• EXERCISE
The entries below hold a line with "inner x p \<le>" and a line with "Write \<open>A = \<Sum>\<^sub>i". Return those lines and all that lie between them, exactly and only.

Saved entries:
++++++++++
(* Let $K\subseteq L$ be convex bodies in $\mathbb{R}^d$ with the origin in the interior of $K$. Let $F$ be an $s$-dimensional linear subspace, $(v_1,p_1),\dots,(v_m,p_m)$ contact pairs of $K$ and $L$, and $\alpha_1,\dots,\alpha_m$ positive weights with \[ P_F\Big(\sum_i\alpha_ip_i\otimes v_i\Big)P_F=P_F,\quad\sum_i\alpha_ip_i=0,\quad \operatorname{tr}\Big(\sum_i\alpha_ip_i\otimes v_i\Big)=\sum_i\alpha_i=d. \] Assume additionally that $P_FK\subset L\cap F$. Then there exist a point $z$ in the relative interior of $L\cap F$, contact pairs $(v_1',p_1'),\dots,(v_m',p_m')$ of $K-z$ and $L-z$, and weights $c_1,\dots,c_m>0$ such that \[ \sum_i c_ip_i'\otimes v_i'=\sum_i\alpha_ip_i\otimes v_i\quad\text{and}\quad \sum_ic_iP_Fv_i'=\sum_ic_ip_i'=0. \]
   Context: A convex body is a compact convex set with nonempty interior. $P_F$ is orthogonal projection onto $F$. The polar of $S$ is $S^\circ=\{p:\langle x,p\rangle\le1\ \forall x\in S\}$. For convex bodies $K\subseteq L$, a contact pair of $K$ and $L$ is a pair $(v,p)$ with $v\in\partial K\cap\partial L$, $p\in\partial K^\circ\cap\partial L^\circ$, $\langle p,v\rangle=1$. For vectors $p,v$, $p\otimes v$ is the operator $x\mapsto\langle v,x\rangle p$. *)

theory Defs
  imports "HOL-Analysis.Analysis"
begin

definition convex_body :: "'a::euclidean_space set \<Rightarrow> bool" where
  "convex_body K \<longleftrightarrow> compact K \<and> convex K \<and> interior K \<noteq> {}"

definition polar :: "'a::euclidean_space set \<Rightarrow> 'a set" where
  "polar S = {p. \<forall>x\<in>S. inner x p \<le> 1}"

definition contact_pair :: "'a::euclidean_space set \<Rightarrow> 'a set \<Rightarrow> 'a \<Rightarrow> 'a \<Rightarrow> bool" where
  "contact_pair K L v p \<longleftrightarrow>
     v \<in> frontier K \<inter> frontier L \<and> p \<in> frontier (polar K) \<inter> frontier (polar L)
     \<and> inner p v = 1"

definition proj :: "'a::euclidean_space set \<Rightarrow> 'a \<Rightarrow> 'a" where
  "proj F x = (THE y. y \<in> F \<and> (\<forall>w\<in>F. inner (x - y) w = 0))"

definition tensor :: "'a::euclidean_space \<Rightarrow> 'a \<Rightarrow> 'a \<Rightarrow> 'a" where
  "tensor p v = (\<lambda>x. inner v x *\<^sub>R p)"

definition op_trace :: "('a::euclidean_space \<Rightarrow> 'a) \<Rightarrow> real" where
  "op_trace A = (\<Sum>b\<in>Basis. inner (A b) b)"

end

theory Submission
  imports Defs
begin

text \<open>
  Write \<open>A = \<Sum>\<^sub>i \<alpha>\<^sub>i p\<^sub>i \<otimes> v\<^sub>i\<close>, \<open>S = \<Sum>\<^sub>i \<alpha>\<^sub>i v\<^sub>i\<close> and \<open>P = P\<^sub>F\<close>.
  Translating by a point \<open>z\<close> with \<open>t\<^sub>i = \<langle>p\<^sub>i, z\<rangle> < 1\<close> turns the contact pairs
  into \<open>(v\<^sub>i - z, p\<^sub>i / (1 - t\<^sub>i))\<close>, and with the weights \<open>c\<^sub>i = \<alpha>\<^sub>i (1 - t\<^sub>i)\<close>
  the operator changes by \<open>(\<Sum>\<^sub>i \<alpha>\<^sub>i p\<^sub>i) \<otimes> z = 0\<close>, while \<open>\<Sum>\<^sub>i c\<^sub>i p\<^sub>i' = \<Sum>\<^sub>i \<alpha>\<^sub>i p\<^sub>i = 0\<close>.
  Since \<open>P A P = P\<close> gives \<open>P A\<^sup>* P = P\<close> and \<open>\<Sum>\<^sub>i c\<^sub>i = d\<close>, for \<open>z \<in> F\<close> we get
  \<open>P (\<Sum>\<^sub>i c\<^sub>i (v\<^sub>i - z)) = P S - P A\<^sup>* z - d z = P S - (d + 1) z\<close>, which vanishes for
  \<open>z = P S / (d + 1) = (d / (d + 1)) P (S / d)\<close>. Here \<open>S / d \<in> K\<close>, so \<open>P (S / d) \<in> L \<inter> F\<close>;
  shrinking it towards \<open>0 \<in> rel_interior (L \<inter> F)\<close> puts \<open>z\<close> in the relative interior
  and makes every \<open>t\<^sub>i \<le> d / (d + 1) < 1\<close>.
\<close>

lemma orthogonal_foot_unique:
  assumes F: "subspace F"
    and y: "y \<in> F" "\<forall>w\<in>F. inner (x - y) w = 0"
    and y': "y' \<in> F" "\<forall>w\<in>F. inner (x - y') w = 0"
  shows "y' = y"
proof -
  have "y - y' \<in> F" using F y y' by (simp add: subspace_diff)
  then have "inner (x - y') (y - y') = 0" "inner (x - y) (y - y') = 0" using y y' by auto
  then have "inner (y - y') (y - y') = 0" by (simp add: inner_diff_left)
  then show ?thesis by simp
qed

lemma proj_eqI:
  assumes "subspace F" "y \<in> F" "\<forall>w\<in>F. inner (x - y) w = 0"
  shows "proj F x = y"
  unfolding proj_def
proof (rule the_equality)
  show "y' = y" if "y' \<in> F \<and> (\<forall>w\<in>F. inner (x - y') w = 0)" for y'
    using that by (blast intro: orthogonal_foot_unique[OF assms])
qed (use assms in simp)

lemma proj_in_subspace_and_orthogonal:
  assumes F: "subspace F"
  shows "proj F x \<in> F \<and> (\<forall>w\<in>F. inner (x - proj F x) w = 0)"
proof -
  obtain y z where y: "y \<in> span F" and z: "\<And>w. w \<in> span F \<Longrightarrow> orthogonal z w"
    and "x = y + z"
    using orthogonal_subspace_decomp_exists by blast
  moreover have "span F = F" using F by simp
  ultimately have foot: "y \<in> F \<and> (\<forall>w\<in>F. inner (x - y) w = 0)"
    by (auto simp: orthogonal_def)
  then have "proj F x = y" using F by (blast intro: proj_eqI)
  with foot show ?thesis by simp
qed

lemma proj_in_subspace: "subspace F \<Longrightarrow> proj F x \<in> F"
  using proj_in_subspace_and_orthogonal by blast

lemma inner_diff_proj_eq_0: "subspace F \<Longrightarrow> w \<in> F \<Longrightarrow> inner (x - proj F x) w = 0"
  using proj_in_subspace_and_orthogonal by blast

lemma proj_eq_self: "subspace F \<Longrightarrow> z \<in> F \<Longrightarrow> proj F z = z"
  by (rule proj_eqI) auto

lemma linear_proj:
  assumes F: "subspace F"
  shows "linear (proj F)"
proof (rule linearI)
  fix a b
  have "inner (a + b - (proj F a + proj F b)) w = 0" if "w \<in> F" for w
    using inner_diff_proj_eq_0[OF F that, of a] inner_diff_proj_eq_0[OF F that, of b]
    by (simp add: inner_diff_left inner_add_left)
  then show "proj F (a + b) = proj F a + proj F b"
    using F by (intro proj_eqI) (auto intro: subspace_add proj_in_subspace)
next
  fix c :: real and a
  have "inner (c *\<^sub>R a - c *\<^sub>R proj F a) w = 0" if "w \<in> F" for w
    using inner_diff_proj_eq_0[OF F that, of a]
    by (simp add: inner_diff_left)
  then show "proj F (c *\<^sub>R a) = c *\<^sub>R proj F a"
    using F by (intro proj_eqI) (auto intro: subspace_scale proj_in_subspace)
qed

lemma inner_proj_commute:
  assumes F: "subspace F"
  shows "inner (proj F x) y = inner x (proj F y)"
proof -
  have "inner (y - proj F y) (proj F x) = 0" "inner (x - proj F x) (proj F y) = 0"
    using F by (simp_all add: inner_diff_proj_eq_0 proj_in_subspace)
  then show ?thesis
    by (simp add: inner_diff_left inner_commute[of "proj F x"])
qed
++++++++++
• TASK SOLUTION
  "polar S = {p. \<forall>x\<in>S. inner x p \<le> 1}"

definition contact_pair :: "'a::euclidean_space set \<Rightarrow> 'a set \<Rightarrow> 'a \<Rightarrow> 'a \<Rightarrow> bool" where
  "contact_pair K L v p \<longleftrightarrow>
     v \<in> frontier K \<inter> frontier L \<and> p \<in> frontier (polar K) \<inter> frontier (polar L)
     \<and> inner p v = 1"

definition proj :: "'a::euclidean_space set \<Rightarrow> 'a \<Rightarrow> 'a" where
  "proj F x = (THE y. y \<in> F \<and> (\<forall>w\<in>F. inner (x - y) w = 0))"

definition tensor :: "'a::euclidean_space \<Rightarrow> 'a \<Rightarrow> 'a \<Rightarrow> 'a" where
  "tensor p v = (\<lambda>x. inner v x *\<^sub>R p)"

definition op_trace :: "('a::euclidean_space \<Rightarrow> 'a) \<Rightarrow> real" where
  "op_trace A = (\<Sum>b\<in>Basis. inner (A b) b)"

end

theory Submission
  imports Defs
begin

text \<open>
  Write \<open>A = \<Sum>\<^sub>i \<alpha>\<^sub>i p\<^sub>i \<otimes> v\<^sub>i\<close>, \<open>S = \<Sum>\<^sub>i \<alpha>\<^sub>i v\<^sub>i\<close> and \<open>P = P\<^sub>F\<close>.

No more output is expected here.